==== DATA PROVIDED ====

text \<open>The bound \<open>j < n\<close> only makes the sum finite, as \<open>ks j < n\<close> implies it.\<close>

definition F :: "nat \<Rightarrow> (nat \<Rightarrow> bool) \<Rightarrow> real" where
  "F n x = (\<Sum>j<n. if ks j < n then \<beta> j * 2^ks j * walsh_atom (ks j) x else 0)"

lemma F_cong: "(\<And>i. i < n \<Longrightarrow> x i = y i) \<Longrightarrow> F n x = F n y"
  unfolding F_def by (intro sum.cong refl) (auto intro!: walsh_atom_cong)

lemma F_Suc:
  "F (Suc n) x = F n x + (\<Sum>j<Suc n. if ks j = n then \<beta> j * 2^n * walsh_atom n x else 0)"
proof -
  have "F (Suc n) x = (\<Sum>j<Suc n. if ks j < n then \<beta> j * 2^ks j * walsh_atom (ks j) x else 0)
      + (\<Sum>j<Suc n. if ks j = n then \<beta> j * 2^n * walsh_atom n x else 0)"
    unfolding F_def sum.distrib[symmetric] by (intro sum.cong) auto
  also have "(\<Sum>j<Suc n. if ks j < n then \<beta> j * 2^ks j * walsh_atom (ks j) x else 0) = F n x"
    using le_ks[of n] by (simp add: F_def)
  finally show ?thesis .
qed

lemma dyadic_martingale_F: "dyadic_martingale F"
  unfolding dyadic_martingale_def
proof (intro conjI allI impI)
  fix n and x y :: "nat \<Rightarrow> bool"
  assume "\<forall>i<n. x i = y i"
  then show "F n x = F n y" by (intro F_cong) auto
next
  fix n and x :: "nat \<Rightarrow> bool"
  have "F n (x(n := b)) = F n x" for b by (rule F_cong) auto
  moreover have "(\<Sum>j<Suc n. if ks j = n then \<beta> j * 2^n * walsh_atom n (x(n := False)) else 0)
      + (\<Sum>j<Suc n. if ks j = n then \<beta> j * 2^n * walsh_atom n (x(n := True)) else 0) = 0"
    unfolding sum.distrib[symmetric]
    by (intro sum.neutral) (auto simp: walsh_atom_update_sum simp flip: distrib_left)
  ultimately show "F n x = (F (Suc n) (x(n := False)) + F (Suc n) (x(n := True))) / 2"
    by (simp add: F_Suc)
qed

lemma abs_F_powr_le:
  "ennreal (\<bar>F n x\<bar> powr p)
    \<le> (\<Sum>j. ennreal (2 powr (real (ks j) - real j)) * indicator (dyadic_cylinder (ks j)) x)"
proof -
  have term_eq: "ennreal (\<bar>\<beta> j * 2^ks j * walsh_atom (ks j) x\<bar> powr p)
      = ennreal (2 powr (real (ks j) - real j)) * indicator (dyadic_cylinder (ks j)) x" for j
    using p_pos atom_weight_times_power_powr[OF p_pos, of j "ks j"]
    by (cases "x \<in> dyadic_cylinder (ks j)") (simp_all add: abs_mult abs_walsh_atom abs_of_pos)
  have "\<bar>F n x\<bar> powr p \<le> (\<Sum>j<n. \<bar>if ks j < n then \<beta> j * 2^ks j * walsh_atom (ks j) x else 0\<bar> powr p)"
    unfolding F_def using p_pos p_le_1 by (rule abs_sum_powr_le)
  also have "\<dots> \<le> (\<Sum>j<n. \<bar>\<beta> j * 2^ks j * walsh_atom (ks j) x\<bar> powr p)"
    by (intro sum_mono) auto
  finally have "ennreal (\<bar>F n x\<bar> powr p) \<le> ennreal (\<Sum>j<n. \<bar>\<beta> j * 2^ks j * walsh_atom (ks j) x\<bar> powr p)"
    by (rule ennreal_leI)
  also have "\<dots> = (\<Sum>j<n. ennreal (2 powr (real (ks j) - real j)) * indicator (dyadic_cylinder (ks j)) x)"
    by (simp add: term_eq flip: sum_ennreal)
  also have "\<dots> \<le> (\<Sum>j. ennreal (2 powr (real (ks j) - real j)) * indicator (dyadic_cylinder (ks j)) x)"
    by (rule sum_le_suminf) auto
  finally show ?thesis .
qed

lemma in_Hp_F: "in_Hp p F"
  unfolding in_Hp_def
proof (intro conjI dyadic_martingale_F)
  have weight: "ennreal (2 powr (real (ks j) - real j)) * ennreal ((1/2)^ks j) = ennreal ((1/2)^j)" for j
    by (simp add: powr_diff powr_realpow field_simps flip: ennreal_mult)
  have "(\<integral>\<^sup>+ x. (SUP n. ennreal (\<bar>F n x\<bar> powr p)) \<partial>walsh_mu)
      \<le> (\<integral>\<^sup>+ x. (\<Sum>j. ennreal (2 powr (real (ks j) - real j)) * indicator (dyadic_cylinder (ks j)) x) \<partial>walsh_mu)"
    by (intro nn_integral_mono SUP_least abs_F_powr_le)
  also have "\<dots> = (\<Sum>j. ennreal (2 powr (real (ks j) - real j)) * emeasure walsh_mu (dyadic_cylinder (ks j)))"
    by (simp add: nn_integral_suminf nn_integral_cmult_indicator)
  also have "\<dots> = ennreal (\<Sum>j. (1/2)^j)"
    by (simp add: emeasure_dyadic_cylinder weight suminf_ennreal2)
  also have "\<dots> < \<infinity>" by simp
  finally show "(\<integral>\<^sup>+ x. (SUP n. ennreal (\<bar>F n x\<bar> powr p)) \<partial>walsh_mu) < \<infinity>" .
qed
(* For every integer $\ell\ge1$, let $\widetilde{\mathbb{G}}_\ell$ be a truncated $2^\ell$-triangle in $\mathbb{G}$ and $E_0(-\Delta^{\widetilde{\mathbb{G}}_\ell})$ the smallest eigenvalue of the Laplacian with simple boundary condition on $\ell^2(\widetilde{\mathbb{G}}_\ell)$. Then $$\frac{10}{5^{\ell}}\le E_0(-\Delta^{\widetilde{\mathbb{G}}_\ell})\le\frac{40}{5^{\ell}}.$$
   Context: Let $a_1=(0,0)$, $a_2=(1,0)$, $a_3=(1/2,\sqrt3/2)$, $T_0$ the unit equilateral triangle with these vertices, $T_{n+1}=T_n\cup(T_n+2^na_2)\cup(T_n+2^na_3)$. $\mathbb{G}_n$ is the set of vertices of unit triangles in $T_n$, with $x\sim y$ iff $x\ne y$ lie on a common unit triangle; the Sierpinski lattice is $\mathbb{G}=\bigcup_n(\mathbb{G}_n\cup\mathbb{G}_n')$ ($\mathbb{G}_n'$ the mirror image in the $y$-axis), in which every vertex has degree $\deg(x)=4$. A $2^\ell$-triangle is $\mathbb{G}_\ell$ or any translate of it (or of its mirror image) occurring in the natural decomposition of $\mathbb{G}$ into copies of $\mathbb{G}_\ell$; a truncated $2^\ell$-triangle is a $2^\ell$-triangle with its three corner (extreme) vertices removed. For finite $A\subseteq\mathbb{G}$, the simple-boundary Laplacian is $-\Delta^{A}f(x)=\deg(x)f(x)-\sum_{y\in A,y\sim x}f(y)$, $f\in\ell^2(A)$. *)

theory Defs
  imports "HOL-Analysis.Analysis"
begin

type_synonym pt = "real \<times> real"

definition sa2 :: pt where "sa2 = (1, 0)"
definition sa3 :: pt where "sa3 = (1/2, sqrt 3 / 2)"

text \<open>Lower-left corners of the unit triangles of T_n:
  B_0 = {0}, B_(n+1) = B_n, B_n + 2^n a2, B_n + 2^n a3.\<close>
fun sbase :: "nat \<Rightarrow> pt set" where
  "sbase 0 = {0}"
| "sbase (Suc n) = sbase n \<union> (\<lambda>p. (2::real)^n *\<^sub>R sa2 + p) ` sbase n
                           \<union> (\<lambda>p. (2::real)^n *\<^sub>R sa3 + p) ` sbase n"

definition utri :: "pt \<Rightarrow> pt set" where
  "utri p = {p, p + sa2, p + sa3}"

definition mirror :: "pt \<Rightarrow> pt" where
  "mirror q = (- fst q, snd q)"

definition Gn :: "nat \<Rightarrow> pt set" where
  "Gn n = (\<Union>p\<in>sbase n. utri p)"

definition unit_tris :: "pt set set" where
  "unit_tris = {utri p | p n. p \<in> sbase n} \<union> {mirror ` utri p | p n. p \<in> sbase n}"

====

> **HOW TO COMPLETE THIS TASK**
From the line holding "by (simp add: term_eq flip: sum_ennreal)" to the line holding "(* For every", inclusive, restate each line above exactly as written.

> **TASK ANSWER**
    by (simp add: term_eq flip: sum_ennreal)
  also have "\<dots> \<le> (\<Sum>j. ennreal (2 powr (real (ks j) - real j)) * indicator (dyadic_cylinder (ks j)) x)"
    by (rule sum_le_suminf) auto
  finally show ?thesis .
qed

lemma in_Hp_F: "in_Hp p F"
  unfolding in_Hp_def
proof (intro conjI dyadic_martingale_F)
  have weight: "ennreal (2 powr (real (ks j) - real j)) * ennreal ((1/2)^ks j) = ennreal ((1/2)^j)" for j
    by (simp add: powr_diff powr_realpow field_simps flip: ennreal_mult)
  have "(\<integral>\<^sup>+ x. (SUP n. ennreal (\<bar>F n x\<bar> powr p)) \<partial>walsh_mu)
      \<le> (\<integral>\<^sup>+ x. (\<Sum>j. ennreal (2 powr (real (ks j) - real j)) * indicator (dyadic_cylinder (ks j)) x) \<partial>walsh_mu)"
    by (intro nn_integral_mono SUP_least abs_F_powr_le)
  also have "\<dots> = (\<Sum>j. ennreal (2 powr (real (ks j) - real j)) * emeasure walsh_mu (dyadic_cylinder (ks j)))"
    by (simp add: nn_integral_suminf nn_integral_cmult_indicator)
  also have "\<dots> = ennreal (\<Sum>j. (1/2)^j)"
    by (simp add: emeasure_dyadic_cylinder weight suminf_ennreal2)
  also have "\<dots> < \<infinity>" by simp
  finally show "(\<integral>\<^sup>+ x. (SUP n. ennreal (\<bar>F n x\<bar> powr p)) \<partial>walsh_mu) < \<infinity>" .
qed
(* For every integer $\ell\ge1$, let $\widetilde{\mathbb{G}}_\ell$ be a truncated $2^\ell$-triangle in $\mathbb{G}$ and $E_0(-\Delta^{\widetilde{\mathbb{G}}_\ell})$ the smallest eigenvalue of the Laplacian with simple boundary condition on $\ell^2(\widetilde{\mathbb{G}}_\ell)$. Then $$\frac{10}{5^{\ell}}\le E_0(-\Delta^{\widetilde{\mathbb{G}}_\ell})\le\frac{40}{5^{\ell}}.$$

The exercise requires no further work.